GAZETTE:  How has your team been working to manage the student move-out that is now in progress?

WEENICK:  Transitioning students out of dorms is an enormous undertaking even when it’s planned. Doing so with a condensed timeline has definitely presented a challenge, but our goal remains the same: We are laser focused on providing the support students need to make this process as easy as possible. We’ve mobilized our team, and I have to say that I was particularly impressed with how quickly our employees were able to pivot. One of the major challenges we typically face is keeping the traffic moving with all of the extra cars and moving trucks on the campus. To accommodate them, we quickly ramped up our procedures for managing parking and roadways to meet the added demand.

Something else we have to contend with is physically getting everything out of the dorms on this timeline.
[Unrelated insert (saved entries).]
text \<open>
  Let \<open>E = L\<^sub>G - L\<^sub>H\<close>, where \<open>H\<close> is the sparsifier, and let \<open>\<mu>'\<^sub>j\<close>, \<open>x'\<^sub>j\<close> be the
  eigenpairs of \<open>L\<^sub>H\<close>. The sparsifier inequalities give
  \<open>\<bar>v \<bullet> E v\<bar> \<le> \<epsilon> (v \<bullet> L\<^sub>G v) \<le> \<epsilon> \<rho>(L\<^sub>G) \<parallel>v\<parallel>\<^sup>2\<close>, and for a symmetric matrix such
  a bound on the quadratic form bounds the operator norm, by polarization.

  Part 2 is a Davis--Kahan argument. By Weyl's inequality \<open>\<bar>\<mu>\<^sub>j - \<mu>'\<^sub>j\<bar> \<le> \<epsilon> \<rho>(L\<^sub>G)\<close>
  for all \<open>j\<close>. Let \<open>g\<close> be at most both gaps \<open>\<bar>\<mu>\<^sub>i - \<mu>'\<^bsub>i-1\<^esub>\<bar>\<close> and
  \<open>\<bar>\<mu>\<^sub>i - \<mu>'\<^bsub>i+1\<^esub>\<bar>\<close>. If \<open>g \<le> \<epsilon> \<rho>(L\<^sub>G)\<close>, then \<open>g sin \<theta>\<^sub>i \<le> \<epsilon> \<rho>(L\<^sub>G)\<close>
  trivially. Otherwise Weyl's inequality forces \<open>\<mu>'\<^bsub>i+1\<^esub> \<le> \<mu>\<^sub>i \<le> \<mu>'\<^bsub>i-1\<^esub>\<close>, so every
  \<open>\<mu>'\<^sub>j\<close> with \<open>j \<noteq> i\<close> lies at distance at least \<open>g\<close> from \<open>\<mu>\<^sub>i\<close>. Writing the unit vector
  \<open>x\<^sub>i\<close> as a multiple of \<open>x'\<^sub>i\<close> plus an orthogonal part \<open>q\<close>, so that \<open>\<parallel>q\<parallel> = sin \<theta>\<^sub>i\<close>,
  and expanding \<open>q\<close> in the other eigenvectors of \<open>L\<^sub>H\<close>, one gets
  \<open>g \<parallel>q\<parallel> \<le> \<parallel>(L\<^sub>H - \<mu>\<^sub>i) q\<parallel> \<le> \<parallel>(L\<^sub>H - \<mu>\<^sub>i) x\<^sub>i\<parallel> = \<parallel>E x\<^sub>i\<parallel> \<le> \<epsilon> \<rho>(L\<^sub>G)\<close>.
\<close>

lemma symmetric_matrix_inner:
  fixes A :: "real^'n::finite^'n"
  assumes "transpose A = A"
  shows "(A *v x) \<bullet> y = x \<bullet> (A *v y)"
  by (metis assms dot_lmul_matrix inner_commute vector_transpose_matrix)

lemma symmetric_matrix_eigenvectors_orthogonal:
  fixes A :: "real^'n::finite^'n"
  assumes "transpose A = A" "A *v a = \<alpha> *\<^sub>R a" "A *v b = \<beta> *\<^sub>R b" "\<alpha> \<noteq> \<beta>"
  shows "a \<bullet> b = 0"
proof -
  have "\<alpha> * (a \<bullet> b) = (A *v a) \<bullet> b" using assms by simp
  also have "\<dots> = a \<bullet> (A *v b)" by (rule symmetric_matrix_inner[OF assms(1)])
  also have "\<dots> = \<beta> * (a \<bullet> b)" using assms by simp
  finally show ?thesis using assms(4) by simp
qed

text \<open>
  The eigenbases of \<^const>\<open>eigen_decomp\<close> need not be orthogonal: only eigenvectors of distinct
  eigenvalues are. Families labelled by \<open>\<alpha>\<close> in this weaker sense suffice for the expansions below.
\<close>

lemma orthogonal_family_sum_inner:
  fixes a :: "'j \<Rightarrow> 'v::real_inner"
  assumes "\<forall>j\<in>J. \<forall>k\<in>J. \<alpha> j \<noteq> \<alpha> k \<longrightarrow> a j \<bullet> a k = 0"
  shows "(\<Sum>j\<in>J. (c j * f (\<alpha> j)) *\<^sub>R a j) \<bullet> (\<Sum>k\<in>J. (c k * g (\<alpha> k)) *\<^sub>R a k) =
    (\<Sum>j\<in>J. \<Sum>k\<in>J. c j * c k * (f (\<alpha> k) * g (\<alpha> k)) * (a j \<bullet> a k))"
  unfolding inner_sum_left
  by (simp add: inner_sum_right, intro sum.cong refl) (use assms in \<open>fastforce simp: mult_ac\<close>)

lemma orthogonal_family_sum_inner_mono:
  fixes a :: "'j \<Rightarrow> 'v::real_inner"
  assumes orth: "\<forall>j\<in>J. \<forall>k\<in>J. \<alpha> j \<noteq> \<alpha> k \<longrightarrow> a j \<bullet> a k = 0"
    and le: "\<forall>j\<in>J. f (\<alpha> j) * g (\<alpha> j) \<le> f' (\<alpha> j) * g' (\<alpha> j)"
  shows "(\<Sum>j\<in>J. (c j * f (\<alpha> j)) *\<^sub>R a j) \<bullet> (\<Sum>j\<in>J. (c j * g (\<alpha> j)) *\<^sub>R a j) \<le>
    (\<Sum>j\<in>J. (c j * f' (\<alpha> j)) *\<^sub>R a j) \<bullet> (\<Sum>j\<in>J. (c j * g' (\<alpha> j)) *\<^sub>R a j)"
proof -
  define h where "h t = sqrt (f' t * g' t - f t * g t)" for t
  let ?w = "\<Sum>j\<in>J. (c j * h (\<alpha> j)) *\<^sub>R a j"
  have hsq: "\<forall>j\<in>J. h (\<alpha> j) * h (\<alpha> j) = f' (\<alpha> j) * g' (\<alpha> j) - f (\<alpha> j) * g (\<alpha> j)"
    using le by (simp add: h_def)
  have "(\<Sum>j\<in>J. (c j * f' (\<alpha> j)) *\<^sub>R a j) \<bullet> (\<Sum>j\<in>J. (c j * g' (\<alpha> j)) *\<^sub>R a j) -
      (\<Sum>j\<in>J. (c j * f (\<alpha> j)) *\<^sub>R a j) \<bullet> (\<Sum>j\<in>J. (c j * g (\<alpha> j)) *\<^sub>R a j) =
      (\<Sum>j\<in>J. \<Sum>k\<in>J. c j * c k * (f' (\<alpha> k) * g' (\<alpha> k) - f (\<alpha> k) * g (\<alpha> k)) * (a j \<bullet> a k))"
    unfolding orthogonal_family_sum_inner[OF orth, where f=f' and g=g']
      orthogonal_family_sum_inner[OF orth, where f=f and g=g]
    by (simp add: right_diff_distrib left_diff_distrib sum_subtractf)
  also have "\<dots> = ?w \<bullet> ?w"
    unfolding orthogonal_family_sum_inner[OF orth, where f=h and g=h]
    by (intro sum.cong refl) (simp add: hsq)
  finally show ?thesis using inner_ge_zero[of ?w] by linarith
qed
To handle this, our employees have been working right alongside the students over the past few days and have been lending a hand with everything, from moving furniture to taking out trash and recycling. We’ve called in a number of additional trucks to help manage the items that are left behind during a move-out.

You may have also noticed a lot of pink bags as you walk around campus. Our team has distributed thousands of them across the University, which students can fill with items they wish to donate. The items will be sold, and all of the proceeds will benefit Harvard Habitat for Humanity. In the next day or so you will see donation bins around the Houses for this very purpose.

To echo all of the other leaders on campus, this has been an enormous undertaking for each and every member of our community. We’re proud to be working so closely with such dedicated colleagues, and looking forward to continuing to support not just students, but everyone in the community in the days to come.

Interview was edited for clarity and condensed for space.